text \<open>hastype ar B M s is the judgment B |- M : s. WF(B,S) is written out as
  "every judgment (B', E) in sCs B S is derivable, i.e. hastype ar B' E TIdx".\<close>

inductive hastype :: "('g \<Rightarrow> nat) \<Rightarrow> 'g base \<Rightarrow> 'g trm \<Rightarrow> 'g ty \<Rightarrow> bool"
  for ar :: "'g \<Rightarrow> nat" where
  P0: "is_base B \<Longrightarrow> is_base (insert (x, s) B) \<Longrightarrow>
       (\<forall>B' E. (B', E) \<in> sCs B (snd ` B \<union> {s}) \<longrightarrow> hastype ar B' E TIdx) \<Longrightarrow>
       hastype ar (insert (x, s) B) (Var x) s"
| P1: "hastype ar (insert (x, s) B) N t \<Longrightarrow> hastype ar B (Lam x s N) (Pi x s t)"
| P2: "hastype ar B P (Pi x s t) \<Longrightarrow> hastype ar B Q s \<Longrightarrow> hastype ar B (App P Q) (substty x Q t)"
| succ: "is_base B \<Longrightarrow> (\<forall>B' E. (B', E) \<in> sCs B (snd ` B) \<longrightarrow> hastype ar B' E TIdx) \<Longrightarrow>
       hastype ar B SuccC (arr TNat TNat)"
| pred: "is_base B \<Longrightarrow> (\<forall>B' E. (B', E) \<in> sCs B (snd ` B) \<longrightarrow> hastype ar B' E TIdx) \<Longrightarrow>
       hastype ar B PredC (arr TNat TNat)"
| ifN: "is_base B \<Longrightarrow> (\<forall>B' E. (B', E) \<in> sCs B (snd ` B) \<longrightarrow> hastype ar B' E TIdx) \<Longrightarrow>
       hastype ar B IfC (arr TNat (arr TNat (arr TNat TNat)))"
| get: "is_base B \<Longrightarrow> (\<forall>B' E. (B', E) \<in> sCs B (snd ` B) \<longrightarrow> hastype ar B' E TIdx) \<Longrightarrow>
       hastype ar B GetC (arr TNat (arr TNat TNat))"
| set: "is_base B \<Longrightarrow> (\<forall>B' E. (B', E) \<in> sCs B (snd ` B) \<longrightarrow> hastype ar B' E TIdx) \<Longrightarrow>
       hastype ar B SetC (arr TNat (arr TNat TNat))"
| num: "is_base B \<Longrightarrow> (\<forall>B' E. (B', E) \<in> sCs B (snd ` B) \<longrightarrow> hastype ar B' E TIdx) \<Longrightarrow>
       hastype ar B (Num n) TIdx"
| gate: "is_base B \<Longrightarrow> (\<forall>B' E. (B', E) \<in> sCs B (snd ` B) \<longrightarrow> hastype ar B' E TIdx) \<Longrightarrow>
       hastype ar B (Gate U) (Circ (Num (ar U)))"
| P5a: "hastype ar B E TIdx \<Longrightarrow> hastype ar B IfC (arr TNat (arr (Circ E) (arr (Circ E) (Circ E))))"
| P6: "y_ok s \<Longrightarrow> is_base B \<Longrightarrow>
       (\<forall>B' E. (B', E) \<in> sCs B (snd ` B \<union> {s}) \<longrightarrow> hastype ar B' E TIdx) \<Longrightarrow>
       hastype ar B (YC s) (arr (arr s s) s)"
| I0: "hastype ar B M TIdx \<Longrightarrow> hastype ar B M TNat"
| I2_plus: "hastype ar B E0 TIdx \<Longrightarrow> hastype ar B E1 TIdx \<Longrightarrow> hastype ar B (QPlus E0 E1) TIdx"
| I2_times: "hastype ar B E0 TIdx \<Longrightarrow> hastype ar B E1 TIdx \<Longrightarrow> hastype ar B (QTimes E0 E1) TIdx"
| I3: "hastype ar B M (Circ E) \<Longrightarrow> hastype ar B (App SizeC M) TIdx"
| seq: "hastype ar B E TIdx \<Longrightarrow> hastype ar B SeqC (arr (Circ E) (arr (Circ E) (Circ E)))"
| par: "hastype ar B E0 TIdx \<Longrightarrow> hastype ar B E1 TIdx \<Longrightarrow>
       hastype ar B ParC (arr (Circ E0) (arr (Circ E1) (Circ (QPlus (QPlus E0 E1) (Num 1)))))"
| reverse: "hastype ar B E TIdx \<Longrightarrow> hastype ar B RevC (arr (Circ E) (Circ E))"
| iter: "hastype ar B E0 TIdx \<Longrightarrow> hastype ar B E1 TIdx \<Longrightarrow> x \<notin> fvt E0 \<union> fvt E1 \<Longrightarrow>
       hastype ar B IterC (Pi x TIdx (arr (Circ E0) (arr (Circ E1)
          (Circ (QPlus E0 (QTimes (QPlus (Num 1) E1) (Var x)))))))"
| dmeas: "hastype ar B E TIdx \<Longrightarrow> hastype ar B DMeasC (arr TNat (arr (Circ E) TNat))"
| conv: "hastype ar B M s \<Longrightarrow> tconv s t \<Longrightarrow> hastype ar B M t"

_ _ _

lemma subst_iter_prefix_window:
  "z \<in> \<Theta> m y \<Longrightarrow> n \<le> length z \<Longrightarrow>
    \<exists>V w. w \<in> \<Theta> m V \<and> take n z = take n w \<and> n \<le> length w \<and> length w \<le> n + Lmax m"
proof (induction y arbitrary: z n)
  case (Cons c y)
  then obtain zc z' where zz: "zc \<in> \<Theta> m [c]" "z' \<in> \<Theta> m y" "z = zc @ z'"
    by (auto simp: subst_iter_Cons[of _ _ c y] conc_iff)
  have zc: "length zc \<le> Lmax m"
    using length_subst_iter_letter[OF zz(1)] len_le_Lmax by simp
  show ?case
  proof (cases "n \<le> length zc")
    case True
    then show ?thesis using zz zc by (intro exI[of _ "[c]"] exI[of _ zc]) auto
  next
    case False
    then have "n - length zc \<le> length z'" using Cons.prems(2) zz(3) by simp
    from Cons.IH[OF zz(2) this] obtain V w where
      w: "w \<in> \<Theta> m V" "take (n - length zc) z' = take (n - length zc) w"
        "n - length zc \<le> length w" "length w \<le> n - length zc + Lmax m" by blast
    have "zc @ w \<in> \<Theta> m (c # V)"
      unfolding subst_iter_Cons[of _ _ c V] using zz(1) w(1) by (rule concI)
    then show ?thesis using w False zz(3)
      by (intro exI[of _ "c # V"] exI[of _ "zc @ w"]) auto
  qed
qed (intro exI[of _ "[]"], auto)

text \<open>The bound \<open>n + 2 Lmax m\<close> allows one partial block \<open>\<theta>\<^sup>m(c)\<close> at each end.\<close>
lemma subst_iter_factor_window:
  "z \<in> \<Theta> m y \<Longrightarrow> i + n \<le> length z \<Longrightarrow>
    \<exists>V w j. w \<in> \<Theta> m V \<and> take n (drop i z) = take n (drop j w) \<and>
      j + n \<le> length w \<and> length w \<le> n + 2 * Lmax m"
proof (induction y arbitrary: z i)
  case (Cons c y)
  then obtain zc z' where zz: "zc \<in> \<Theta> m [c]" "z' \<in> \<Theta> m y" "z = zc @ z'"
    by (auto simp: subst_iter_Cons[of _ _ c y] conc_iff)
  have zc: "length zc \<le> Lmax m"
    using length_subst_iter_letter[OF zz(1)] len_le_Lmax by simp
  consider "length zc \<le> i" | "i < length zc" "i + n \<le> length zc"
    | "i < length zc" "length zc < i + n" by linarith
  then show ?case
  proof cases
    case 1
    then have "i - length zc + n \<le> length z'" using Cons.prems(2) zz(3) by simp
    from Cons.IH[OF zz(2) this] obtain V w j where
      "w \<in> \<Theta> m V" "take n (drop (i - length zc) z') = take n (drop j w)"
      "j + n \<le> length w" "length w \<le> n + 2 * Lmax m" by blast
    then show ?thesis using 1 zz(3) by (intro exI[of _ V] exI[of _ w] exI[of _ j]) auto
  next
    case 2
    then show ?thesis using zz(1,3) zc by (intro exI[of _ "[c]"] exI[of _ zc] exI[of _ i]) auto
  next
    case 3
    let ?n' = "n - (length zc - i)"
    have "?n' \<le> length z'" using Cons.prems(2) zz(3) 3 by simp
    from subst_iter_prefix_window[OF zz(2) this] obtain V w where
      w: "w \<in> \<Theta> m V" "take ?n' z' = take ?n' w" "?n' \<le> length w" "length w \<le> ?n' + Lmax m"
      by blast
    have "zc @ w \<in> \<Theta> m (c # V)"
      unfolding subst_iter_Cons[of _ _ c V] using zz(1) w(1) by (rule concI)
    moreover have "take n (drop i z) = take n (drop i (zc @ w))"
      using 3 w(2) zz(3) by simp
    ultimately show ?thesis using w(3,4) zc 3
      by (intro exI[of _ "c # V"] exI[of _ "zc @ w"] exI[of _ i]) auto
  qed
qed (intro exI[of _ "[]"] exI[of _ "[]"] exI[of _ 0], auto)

_ _ _

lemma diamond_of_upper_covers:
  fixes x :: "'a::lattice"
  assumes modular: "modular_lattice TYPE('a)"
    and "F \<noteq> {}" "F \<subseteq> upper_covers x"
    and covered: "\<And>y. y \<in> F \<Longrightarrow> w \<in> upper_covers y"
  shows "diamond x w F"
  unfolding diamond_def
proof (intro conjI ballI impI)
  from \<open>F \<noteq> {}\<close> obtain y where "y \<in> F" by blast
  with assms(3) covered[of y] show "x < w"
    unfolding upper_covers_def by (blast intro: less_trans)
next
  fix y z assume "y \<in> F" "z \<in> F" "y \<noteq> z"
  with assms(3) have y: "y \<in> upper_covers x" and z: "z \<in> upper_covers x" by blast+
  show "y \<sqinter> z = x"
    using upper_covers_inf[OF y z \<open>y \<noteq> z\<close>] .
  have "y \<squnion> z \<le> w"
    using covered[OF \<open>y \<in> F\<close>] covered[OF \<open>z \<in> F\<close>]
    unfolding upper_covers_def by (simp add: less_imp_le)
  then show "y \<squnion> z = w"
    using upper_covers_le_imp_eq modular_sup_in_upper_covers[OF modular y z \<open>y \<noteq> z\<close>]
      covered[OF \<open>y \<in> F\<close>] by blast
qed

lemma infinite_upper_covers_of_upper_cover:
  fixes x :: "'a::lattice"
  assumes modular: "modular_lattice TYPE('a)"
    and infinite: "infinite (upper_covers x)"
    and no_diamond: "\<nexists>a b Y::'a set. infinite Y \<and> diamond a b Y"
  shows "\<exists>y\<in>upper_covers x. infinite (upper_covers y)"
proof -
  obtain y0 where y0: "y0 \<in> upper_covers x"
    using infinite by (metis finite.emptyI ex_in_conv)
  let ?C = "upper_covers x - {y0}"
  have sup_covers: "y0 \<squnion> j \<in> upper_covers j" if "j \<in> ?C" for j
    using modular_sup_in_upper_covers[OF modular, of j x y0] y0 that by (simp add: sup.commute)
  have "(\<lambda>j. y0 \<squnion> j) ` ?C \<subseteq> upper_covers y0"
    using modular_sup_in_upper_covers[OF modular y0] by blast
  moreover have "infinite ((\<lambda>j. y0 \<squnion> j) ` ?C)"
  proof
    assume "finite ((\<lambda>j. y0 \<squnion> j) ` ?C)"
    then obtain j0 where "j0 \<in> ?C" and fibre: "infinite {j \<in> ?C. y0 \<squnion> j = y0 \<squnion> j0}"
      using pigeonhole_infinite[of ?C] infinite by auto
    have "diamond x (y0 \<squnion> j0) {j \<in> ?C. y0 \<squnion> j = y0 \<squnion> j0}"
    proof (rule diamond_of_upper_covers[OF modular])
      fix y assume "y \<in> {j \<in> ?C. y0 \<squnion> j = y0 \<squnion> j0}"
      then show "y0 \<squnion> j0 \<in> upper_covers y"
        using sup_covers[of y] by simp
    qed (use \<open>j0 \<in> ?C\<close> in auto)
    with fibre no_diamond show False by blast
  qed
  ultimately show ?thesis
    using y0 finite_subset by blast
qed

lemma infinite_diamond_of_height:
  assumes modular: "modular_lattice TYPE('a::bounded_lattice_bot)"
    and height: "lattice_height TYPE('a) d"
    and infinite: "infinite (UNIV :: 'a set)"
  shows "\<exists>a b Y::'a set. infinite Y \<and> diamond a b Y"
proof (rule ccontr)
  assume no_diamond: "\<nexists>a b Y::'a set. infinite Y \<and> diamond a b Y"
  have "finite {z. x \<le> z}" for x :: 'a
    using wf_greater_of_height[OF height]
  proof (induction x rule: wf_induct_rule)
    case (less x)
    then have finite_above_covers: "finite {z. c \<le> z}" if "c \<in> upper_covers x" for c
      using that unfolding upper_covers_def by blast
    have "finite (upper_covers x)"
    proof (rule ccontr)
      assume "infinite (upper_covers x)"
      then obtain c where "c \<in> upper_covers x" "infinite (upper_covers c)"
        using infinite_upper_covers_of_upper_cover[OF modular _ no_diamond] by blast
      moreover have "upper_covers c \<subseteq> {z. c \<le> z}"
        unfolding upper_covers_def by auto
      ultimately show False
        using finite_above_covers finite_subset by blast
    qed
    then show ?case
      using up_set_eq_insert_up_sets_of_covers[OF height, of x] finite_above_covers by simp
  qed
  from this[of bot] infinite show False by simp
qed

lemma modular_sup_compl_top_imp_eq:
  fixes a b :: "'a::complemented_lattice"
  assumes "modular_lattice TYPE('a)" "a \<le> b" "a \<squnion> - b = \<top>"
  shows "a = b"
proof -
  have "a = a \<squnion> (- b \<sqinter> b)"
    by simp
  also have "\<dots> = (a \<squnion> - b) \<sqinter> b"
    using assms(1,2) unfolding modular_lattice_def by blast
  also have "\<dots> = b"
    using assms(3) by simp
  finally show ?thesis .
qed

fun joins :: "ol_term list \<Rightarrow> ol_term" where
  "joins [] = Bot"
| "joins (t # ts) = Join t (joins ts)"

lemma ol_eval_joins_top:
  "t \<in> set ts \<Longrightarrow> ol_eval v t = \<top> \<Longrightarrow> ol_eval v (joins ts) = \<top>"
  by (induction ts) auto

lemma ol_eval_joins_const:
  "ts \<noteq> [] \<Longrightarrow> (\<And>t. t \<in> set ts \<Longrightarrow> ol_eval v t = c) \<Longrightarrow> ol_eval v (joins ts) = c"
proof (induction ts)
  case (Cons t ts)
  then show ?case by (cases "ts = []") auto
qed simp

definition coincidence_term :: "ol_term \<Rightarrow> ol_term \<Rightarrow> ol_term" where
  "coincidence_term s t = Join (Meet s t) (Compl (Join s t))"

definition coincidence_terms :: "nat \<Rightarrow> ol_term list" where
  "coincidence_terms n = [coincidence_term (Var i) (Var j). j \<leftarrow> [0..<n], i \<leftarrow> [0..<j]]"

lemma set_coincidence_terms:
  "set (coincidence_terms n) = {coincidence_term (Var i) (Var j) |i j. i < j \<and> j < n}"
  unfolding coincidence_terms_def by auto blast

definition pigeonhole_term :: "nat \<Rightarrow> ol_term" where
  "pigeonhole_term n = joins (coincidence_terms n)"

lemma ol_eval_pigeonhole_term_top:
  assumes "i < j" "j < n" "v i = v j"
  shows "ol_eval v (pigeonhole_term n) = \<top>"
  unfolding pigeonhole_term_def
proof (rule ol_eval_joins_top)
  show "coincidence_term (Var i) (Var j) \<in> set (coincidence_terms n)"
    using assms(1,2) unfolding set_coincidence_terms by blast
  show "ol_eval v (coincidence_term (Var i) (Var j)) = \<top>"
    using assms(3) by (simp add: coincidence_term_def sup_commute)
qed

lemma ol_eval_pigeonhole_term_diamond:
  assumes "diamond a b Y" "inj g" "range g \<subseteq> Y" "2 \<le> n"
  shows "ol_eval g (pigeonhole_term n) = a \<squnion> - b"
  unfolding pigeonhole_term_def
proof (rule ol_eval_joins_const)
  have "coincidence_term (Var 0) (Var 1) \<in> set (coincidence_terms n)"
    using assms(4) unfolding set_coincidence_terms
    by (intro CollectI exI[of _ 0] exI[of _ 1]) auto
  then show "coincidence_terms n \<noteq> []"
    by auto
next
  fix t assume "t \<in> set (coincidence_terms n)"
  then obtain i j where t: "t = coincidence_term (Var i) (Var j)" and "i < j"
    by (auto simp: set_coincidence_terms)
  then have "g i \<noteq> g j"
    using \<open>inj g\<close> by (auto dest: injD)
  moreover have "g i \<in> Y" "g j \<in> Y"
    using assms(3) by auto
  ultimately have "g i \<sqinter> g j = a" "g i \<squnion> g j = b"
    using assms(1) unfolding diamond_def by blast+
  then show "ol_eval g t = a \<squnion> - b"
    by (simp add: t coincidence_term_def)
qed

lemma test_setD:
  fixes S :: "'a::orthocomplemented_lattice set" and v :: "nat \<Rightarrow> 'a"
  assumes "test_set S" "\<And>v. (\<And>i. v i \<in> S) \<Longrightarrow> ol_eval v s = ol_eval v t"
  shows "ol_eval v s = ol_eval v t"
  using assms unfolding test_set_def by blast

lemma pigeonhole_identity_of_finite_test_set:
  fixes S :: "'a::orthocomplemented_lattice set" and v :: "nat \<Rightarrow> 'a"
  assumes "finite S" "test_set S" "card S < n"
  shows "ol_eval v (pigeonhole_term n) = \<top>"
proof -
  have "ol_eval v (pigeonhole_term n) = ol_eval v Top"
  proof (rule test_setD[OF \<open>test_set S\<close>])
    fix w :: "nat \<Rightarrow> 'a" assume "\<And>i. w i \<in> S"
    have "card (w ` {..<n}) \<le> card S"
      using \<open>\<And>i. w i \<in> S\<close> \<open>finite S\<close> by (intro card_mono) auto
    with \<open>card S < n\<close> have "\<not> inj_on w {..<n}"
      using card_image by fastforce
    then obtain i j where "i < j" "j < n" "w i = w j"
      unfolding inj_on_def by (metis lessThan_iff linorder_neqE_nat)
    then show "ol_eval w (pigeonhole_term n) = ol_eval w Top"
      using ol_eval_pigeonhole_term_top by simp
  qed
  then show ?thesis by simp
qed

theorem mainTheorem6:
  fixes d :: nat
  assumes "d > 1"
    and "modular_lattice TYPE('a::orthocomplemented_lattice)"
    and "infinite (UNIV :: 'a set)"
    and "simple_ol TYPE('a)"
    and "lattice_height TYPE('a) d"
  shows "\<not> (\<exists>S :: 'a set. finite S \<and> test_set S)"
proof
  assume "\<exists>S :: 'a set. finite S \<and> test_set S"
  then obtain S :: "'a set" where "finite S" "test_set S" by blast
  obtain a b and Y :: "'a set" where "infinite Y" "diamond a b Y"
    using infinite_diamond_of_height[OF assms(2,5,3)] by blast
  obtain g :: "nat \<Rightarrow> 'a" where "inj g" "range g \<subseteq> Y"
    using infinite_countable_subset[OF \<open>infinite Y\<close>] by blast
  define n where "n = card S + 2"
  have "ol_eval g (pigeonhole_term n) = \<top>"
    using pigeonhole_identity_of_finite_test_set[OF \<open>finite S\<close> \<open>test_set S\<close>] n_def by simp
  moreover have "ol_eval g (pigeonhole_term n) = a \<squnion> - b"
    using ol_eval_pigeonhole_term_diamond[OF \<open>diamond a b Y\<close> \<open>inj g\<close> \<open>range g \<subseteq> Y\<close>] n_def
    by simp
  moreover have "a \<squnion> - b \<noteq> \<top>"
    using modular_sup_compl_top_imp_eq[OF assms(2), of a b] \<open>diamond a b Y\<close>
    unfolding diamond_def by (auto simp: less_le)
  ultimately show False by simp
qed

_ _ _

▶ _ABOUT THIS EXERCISE_
Return each line in the records that holds the string "UNIV".

▶ _SOLUTION FOR THIS EXERCISE_
    and infinite: "infinite (UNIV :: 'a set)"
    and "infinite (UNIV :: 'a set)"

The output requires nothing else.